§ **EXERCISE OBJECTIVE**
The answer is the set of lines that include "swap", copied from the data below.

§ **EXCERPTED DATA**
lemma sum_neg_one_power_bdot_bxor:
  assumes "a \<in> bits n" "u \<in> bits n" "v \<in> bits n"
  shows "(\<Sum>b\<in>bits n. (-1 :: complex) ^ bdot b (bxor u a) * (-1) ^ bdot b (bxor v a))
    = (if u = v then 2 ^ n else 0)"
proof -
  have "(\<Sum>b\<in>bits n. (-1 :: complex) ^ bdot b (bxor u a) * (-1) ^ bdot b (bxor v a))
      = (\<Sum>b\<in>bits n. (-1) ^ bdot b (bxor u v))"
    using assms by (intro sum.cong) (auto simp: neg_one_power_bdot_bxor_right neg_one_power_mult_self)
  also have "\<dots> = (if u = v then 2 ^ n else 0)"
    using assms bxor_eq_replicate_False_iff[of u v] by (subst sum_neg_one_power_bdot) auto
  finally show ?thesis .
qed

lemma inner_weyl_mult_cnj_inner_weyl:
  "Defs.inner n \<alpha> (weyl (a, b) \<beta>) * cnj (Defs.inner n \<gamma> (weyl (a, b) \<delta>))
    = (\<Sum>u\<in>bits n. \<Sum>v\<in>bits n. cnj (\<alpha> u) * \<gamma> v * \<beta> (bxor u a) * cnj (\<delta> (bxor v a))
        * ((-1) ^ bdot b (bxor u a) * (-1) ^ bdot b (bxor v a)))"
proof -
  have "cnj (\<i> ^ bdot a b) * \<i> ^ bdot a b = 1"
    by (simp flip: power_mult_distrib)
  then show ?thesis
    unfolding Defs.inner_def weyl_def sum_product cnj_sum
    by (intro sum.cong refl) (simp add: ac_simps)
qed

lemma weyl_completeness:
  "(\<Sum>x\<in>weyl_index n. Defs.inner n \<alpha> (weyl x \<beta>) * cnj (Defs.inner n \<gamma> (weyl x \<delta>)))
    = 2 ^ n * Defs.inner n \<alpha> \<gamma> * Defs.inner n \<delta> \<beta>"
proof -
  define G where "G a u v = cnj (\<alpha> u) * \<gamma> v * \<beta> (bxor u a) * cnj (\<delta> (bxor v a))" for a u v
  define s where "s b u v = (-1 :: complex) ^ bdot b u * (-1) ^ bdot b v" for b u v
  have swap: "(\<Sum>b\<in>B. \<Sum>u\<in>U. \<Sum>v\<in>V. f b u v) = (\<Sum>u\<in>U. \<Sum>v\<in>V. \<Sum>b\<in>B. f b u v)"
    for f :: "_ \<Rightarrow> _ \<Rightarrow> _ \<Rightarrow> complex" and B U V
    by (subst sum.swap) (rule sum.cong[OF refl], rule sum.swap)
  have "(\<Sum>x\<in>weyl_index n. Defs.inner n \<alpha> (weyl x \<beta>) * cnj (Defs.inner n \<gamma> (weyl x \<delta>)))
      = (\<Sum>a\<in>bits n. \<Sum>b\<in>bits n. \<Sum>u\<in>bits n. \<Sum>v\<in>bits n. G a u v * s b (bxor u a) (bxor v a))"
    unfolding sum_weyl_index inner_weyl_mult_cnj_inner_weyl G_def s_def ..
  also have "\<dots> = (\<Sum>a\<in>bits n. \<Sum>u\<in>bits n. \<Sum>v\<in>bits n.
      G a u v * (\<Sum>b\<in>bits n. s b (bxor u a) (bxor v a)))"
    by (rule sum.cong[OF refl], subst swap) (simp add: sum_distrib_left)
  also have "\<dots> = (\<Sum>a\<in>bits n. \<Sum>u\<in>bits n. \<Sum>v\<in>bits n. G a u v * (if u = v then 2 ^ n else 0))"
    by (intro sum.cong refl) (simp add: s_def sum_neg_one_power_bdot_bxor)
  also have "\<dots> = 2 ^ n * (\<Sum>a\<in>bits n. \<Sum>u\<in>bits n. G a u u)"
    by (simp add: sum_distrib_left if_distrib sum.delta mult.commute cong: if_cong)
  also have "\<dots> = 2 ^ n * (\<Sum>u\<in>bits n. cnj (\<alpha> u) * \<gamma> u * (\<Sum>a\<in>bits n. \<beta> (bxor a u) * cnj (\<delta> (bxor a u))))"
    unfolding G_def by (subst sum.swap) (simp add: sum_distrib_left bxor_commute ac_simps)
  also have "\<dots> = 2 ^ n * (\<Sum>u\<in>bits n. cnj (\<alpha> u) * \<gamma> u * (\<Sum>a\<in>bits n. \<beta> a * cnj (\<delta> a)))"
    by (simp add: sum_bits_bxor[where g = "\<lambda>w. \<beta> w * cnj (\<delta> w)"])
  also have "\<dots> = 2 ^ n * Defs.inner n \<alpha> \<gamma> * Defs.inner n \<delta> \<beta>"
    by (simp only: flip: sum_distrib_right) (simp add: Defs.inner_def mult.commute mult.assoc)
  finally show ?thesis .
qed
definition drift_sum :: "real \<Rightarrow> real \<Rightarrow> real \<Rightarrow> real \<Rightarrow> nat \<Rightarrow> real" where
  "drift_sum \<sigma>0 C \<rho> \<epsilon> q = \<sigma>0 + C * (\<Sum>j<q. (\<rho>/\<epsilon>)^j)"

definition nu_bound :: "real \<Rightarrow> real \<Rightarrow> real \<Rightarrow> real \<Rightarrow> real \<Rightarrow> nat \<Rightarrow> real" where
  "nu_bound \<sigma>0 C a \<rho> \<epsilon> q = \<epsilon>^q * drift_factor a \<rho> q * drift_sum \<sigma>0 C \<rho> \<epsilon> q"

lemma nu_bound_0: "nu_bound \<sigma>0 C a \<rho> \<epsilon> 0 = \<sigma>0"
  by (simp add: nu_bound_def drift_factor_def drift_sum_def)

lemma growth_le_exp:
  fixes x :: real assumes "0 \<le> x" shows "(1 + x)^2 * (1 + 2*x) \<le> exp (4 * x)"
proof -
  have "(1 + x)^2 \<le> (exp x)^2" using assms by (intro power_mono) (auto simp: exp_ge_add_one_self)
  moreover have "1 + 2*x \<le> exp (2*x)" by (rule exp_ge_add_one_self)
  ultimately have "(1 + x)^2 * (1 + 2*x) \<le> (exp x)^2 * exp (2*x)"
    using assms by (intro mult_mono) auto
  also have "\<dots> = exp (4 * x)" by (simp add: power2_eq_square exp_add[symmetric])
  finally show ?thesis .
qed

lemma growth_minus_one_le:
  fixes x :: real assumes "0 \<le> x" shows "(1 + x)^2 * (1 + 2*x) - 1 \<le> 4 * x * ((1 + x)^2 * (1 + 2*x))"
proof -
  have "(1 + x)^2 * (1 + 2*x) - 1 = 4*x + 5*x^2 + 2*x^3" by (simp add: power2_eq_square power3_eq_cube algebra_simps)
  also have "\<dots> \<le> 4*x + 16*x^2 + 20*x^3 + 8*x^4" using assms by simp
  also have "\<dots> = 4 * x * ((1 + x)^2 * (1 + 2*x))"
    by (simp add: power2_eq_square power3_eq_cube power4_eq_xxxx algebra_simps)
  finally show ?thesis .
qed

lemma nu_bound_Suc_ge:
  fixes \<epsilon> a \<rho> D \<sigma>0 \<nu>0 :: real
  assumes e: "0 < \<epsilon>" and a: "0 \<le> a" and r: "0 \<le> \<rho>" and D: "0 \<le> D" and s0: "0 \<le> \<sigma>0"
    and nu0: "\<nu>0 \<le> nu_bound \<sigma>0 (4 * D * a) a \<rho> \<epsilon> q"
    and x: "x = a * \<rho>^q" and E: "E = (1 + x)^2 * (1 + 2*x)"
  shows "\<epsilon> * (E * \<nu>0 + D * (E - 1)) \<le> nu_bound \<sigma>0 (4 * D * a) a \<rho> \<epsilon> (Suc q)"
proof -
  let ?C = "4 * D * a"
  let ?W = "drift_factor a \<rho> q" and ?S = "drift_sum \<sigma>0 ?C \<rho> \<epsilon> q"
  have x0: "0 \<le> x" using x a r by simp
  have E0: "0 \<le> E" using E x0 by simp
  have Eexp: "E \<le> exp (4*x)" using E growth_le_exp[OF x0] by simp
  have Em: "E - 1 \<le> 4 * x * E" using E growth_minus_one_le[OF x0] by simp
  have W1: "1 \<le> ?W" unfolding drift_factor_def using a r by (simp add: sum_nonneg)
  have S0: "0 \<le> ?S" unfolding drift_sum_def using s0 D a r e by (intro add_nonneg_nonneg mult_nonneg_nonneg sum_nonneg) auto
  have WS: "drift_factor a \<rho> (Suc q) = ?W * exp (4*x)"
    unfolding drift_factor_def x by (simp add: exp_add[symmetric] algebra_simps)
  have SS: "drift_sum \<sigma>0 ?C \<rho> \<epsilon> (Suc q) = ?S + ?C * (\<rho>/\<epsilon>)^q"
    unfolding drift_sum_def by (simp add: algebra_simps)
  have eq: "\<epsilon>^q * (?C * (\<rho>/\<epsilon>)^q) = 4 * D * x"
    using e by (simp add: x power_divide field_simps)
  have t1: "\<epsilon> * (E * \<nu>0) \<le> \<epsilon>^(Suc q) * (?W * exp (4*x)) * ?S"
  proof -
    have "E * \<nu>0 \<le> E * (\<epsilon>^q * ?W * ?S)" using nu0 E0 unfolding nu_bound_def by (intro mult_left_mono) auto
    also have "\<dots> \<le> exp (4*x) * (\<epsilon>^q * ?W * ?S)"
      using Eexp e W1 S0 by (intro mult_right_mono) auto
    finally have "\<epsilon> * (E * \<nu>0) \<le> \<epsilon> * (exp (4*x) * (\<epsilon>^q * ?W * ?S))"
      using e by (intro mult_left_mono) auto
    then show ?thesis by (simp add: algebra_simps)
  qed
  have t2: "\<epsilon> * (D * (E - 1)) \<le> \<epsilon>^(Suc q) * (?W * exp (4*x)) * (?C * (\<rho>/\<epsilon>)^q)"
  proof -
    have "D * (E - 1) \<le> D * (4 * x * E)" using Em D by (intro mult_left_mono) auto
    also have "\<dots> \<le> D * (4 * x * (?W * exp (4*x)))"
    proof -
      have "exp (4*x) \<le> ?W * exp (4*x)" using W1 by (simp add: mult_le_cancel_right1)
      then have "E \<le> ?W * exp (4*x)" using Eexp by linarith
      then show ?thesis using D x0 by (intro mult_left_mono) auto
    qed
    also have "\<dots> = (?W * exp (4*x)) * (\<epsilon>^q * (?C * (\<rho>/\<epsilon>)^q))" by (simp only: eq) (simp add: algebra_simps)
    finally have "\<epsilon> * (D * (E - 1)) \<le> \<epsilon> * ((?W * exp (4*x)) * (\<epsilon>^q * (?C * (\<rho>/\<epsilon>)^q)))"
      using e by (intro mult_left_mono) auto
    then show ?thesis by (simp add: algebra_simps)
  qed
  have "\<epsilon> * (E * \<nu>0 + D * (E - 1)) = \<epsilon> * (E * \<nu>0) + \<epsilon> * (D * (E - 1))" by (simp add: algebra_simps)
  also have "\<dots> \<le> \<epsilon>^(Suc q) * (?W * exp (4*x)) * ?S + \<epsilon>^(Suc q) * (?W * exp (4*x)) * (?C * (\<rho>/\<epsilon>)^q)"
    using t1 t2 by (rule add_mono)
  also have "\<dots> = nu_bound \<sigma>0 ?C a \<rho> \<epsilon> (Suc q)"
    unfolding nu_bound_def WS SS by (simp add: algebra_simps)
  finally show ?thesis .
qed

lemma sum_power_le_inverse: fixes x :: real assumes "0 \<le> x" "x < 1" shows "(\<Sum>j<q. x^j) \<le> 1 / (1 - x)"
proof -
  have "(\<Sum>j<q. x^j) = (1 - x^q) / (1 - x)" using assms by (simp add: sum_gp_strict)
  also have "\<dots> \<le> 1 / (1 - x)" using assms by (intro divide_right_mono) auto
  finally show ?thesis .
qed

lemma nu_bound_le:
  assumes e: "0 < \<epsilon>" and a: "0 \<le> a" and r: "0 \<le> \<rho>" "\<rho> < \<epsilon>" "\<epsilon> \<le> 1" and C: "0 \<le> C" and s0: "0 \<le> \<sigma>0"
  shows "nu_bound \<sigma>0 C a \<rho> \<epsilon> q \<le> \<epsilon>^q * ((\<sigma>0 + C / (1 - \<rho>/\<epsilon>)) * exp (4 * a / (1 - \<rho>)))"
proof -
  have r1: "\<rho> < 1" using r by simp
  have W: "drift_factor a \<rho> q \<le> exp (4 * a / (1 - \<rho>))"
  proof -
    have "4 * a * (\<Sum>j<q. \<rho>^j) \<le> 4 * a * (1 / (1 - \<rho>))"
      using sum_power_le_inverse[OF r(1) r1] a by (intro mult_left_mono) auto
    then show ?thesis unfolding drift_factor_def by simp
  qed
  have S: "drift_sum \<sigma>0 C \<rho> \<epsilon> q \<le> \<sigma>0 + C / (1 - \<rho>/\<epsilon>)"
  proof -
    have "0 \<le> \<rho>/\<epsilon>" "\<rho>/\<epsilon> < 1" using r e by (auto simp: field_simps)
    then have "C * (\<Sum>j<q. (\<rho>/\<epsilon>)^j) \<le> C * (1 / (1 - \<rho>/\<epsilon>))"
      using sum_power_le_inverse C by (intro mult_left_mono) auto
    then show ?thesis unfolding drift_sum_def by simp
  qed
  have S0: "0 \<le> drift_sum \<sigma>0 C \<rho> \<epsilon> q"
    unfolding drift_sum_def using s0 C r e by (intro add_nonneg_nonneg mult_nonneg_nonneg sum_nonneg) auto
  have "drift_factor a \<rho> q * drift_sum \<sigma>0 C \<rho> \<epsilon> q \<le> exp (4 * a / (1 - \<rho>)) * (\<sigma>0 + C / (1 - \<rho>/\<epsilon>))"
    using W S S0 by (intro mult_mono) (auto simp: drift_factor_def)
  then have "\<epsilon>^q * (drift_factor a \<rho> q * drift_sum \<sigma>0 C \<rho> \<epsilon> q) \<le> \<epsilon>^q * (exp (4 * a / (1 - \<rho>)) * (\<sigma>0 + C / (1 - \<rho>/\<epsilon>)))"
    using e by (intro mult_left_mono) auto
  then show ?thesis unfolding nu_bound_def by (simp add: algebra_simps)
qed

lemma nu_drift_step_le:
  fixes \<Omega> \<nu> T0 T1 D y :: real
  assumes "0 \<le> \<Omega>" "0 \<le> \<nu>" "0 < D" "T0 \<le> (1 + 2 * y) * T1"
  shows "D * (\<Omega> * (\<nu> * T0 / D + T0) - T1)
    \<le> (\<Omega> * (1 + 2 * y) * \<nu> + D * (\<Omega> * (1 + 2 * y) - 1)) * T1"
proof -
  have "D * (\<Omega> * (\<nu> * T0 / D + T0) - T1) = \<Omega> * \<nu> * T0 + D * \<Omega> * T0 - D * T1"
    using assms(3) by (simp add: field_simps)
  also have "\<dots> \<le> \<Omega> * \<nu> * ((1 + 2 * y) * T1) + D * \<Omega> * ((1 + 2 * y) * T1) - D * T1"
    using assms by (intro diff_right_mono add_mono mult_left_mono) auto
  also have "\<dots> = (\<Omega> * (1 + 2 * y) * \<nu> + D * (\<Omega> * (1 + 2 * y) - 1)) * T1"
    by (simp add: algebra_simps)
  finally show ?thesis .
qed

section \<open>Analysis of a run of LISR-\<open>k\<close>\<close>

locale finite_sum_problem =
  fixes n :: nat and g :: "nat \<Rightarrow> real^'d \<Rightarrow> real^'d" and H :: "nat \<Rightarrow> real^'d \<Rightarrow> real^'d^'d"
    and \<mu> L Lt :: real and xs :: "real^'d"
  assumes n: "1 \<le> n" and mu: "0 < \<mu>" and muL: "\<mu> \<le> L" and Lt: "0 \<le> Lt"
    and Hsym: "\<And>i y. i \<in> {1..n} \<Longrightarrow> symmetric_matrix (H i y)"
    and Hlow: "\<And>i y v. i \<in> {1..n} \<Longrightarrow> \<mu> * (v \<bullet> v) \<le> v \<bullet> (H i y *v v)"
    and Hup: "\<And>i y v. i \<in> {1..n} \<Longrightarrow> v \<bullet> (H i y *v v) \<le> L * (v \<bullet> v)"
    and Hlip: "\<And>i y y'. i \<in> {1..n} \<Longrightarrow> mat_norm (H i y - H i y') \<le> Lt * norm (y - y')"
    and taylor: "\<And>i y y'. i \<in> {1..n} \<Longrightarrow>
      norm (g i y - g i y' - H i y *v (y - y')) \<le> Lt * (norm (y - y'))\<^sup>2"
    and gsum: "(\<Sum>i\<in>{1..n}. g i xs) = 0"
begin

§ **TASK ANSWER**
  have swap: "(\<Sum>b\<in>B. \<Sum>u\<in>U. \<Sum>v\<in>V. f b u v) = (\<Sum>u\<in>U. \<Sum>v\<in>V. \<Sum>b\<in>B. f b u v)"
    by (subst sum.swap) (rule sum.cong[OF refl], rule sum.swap)
    by (rule sum.cong[OF refl], subst swap) (simp add: sum_distrib_left)
    unfolding G_def by (subst sum.swap) (simp add: sum_distrib_left bxor_commute ac_simps)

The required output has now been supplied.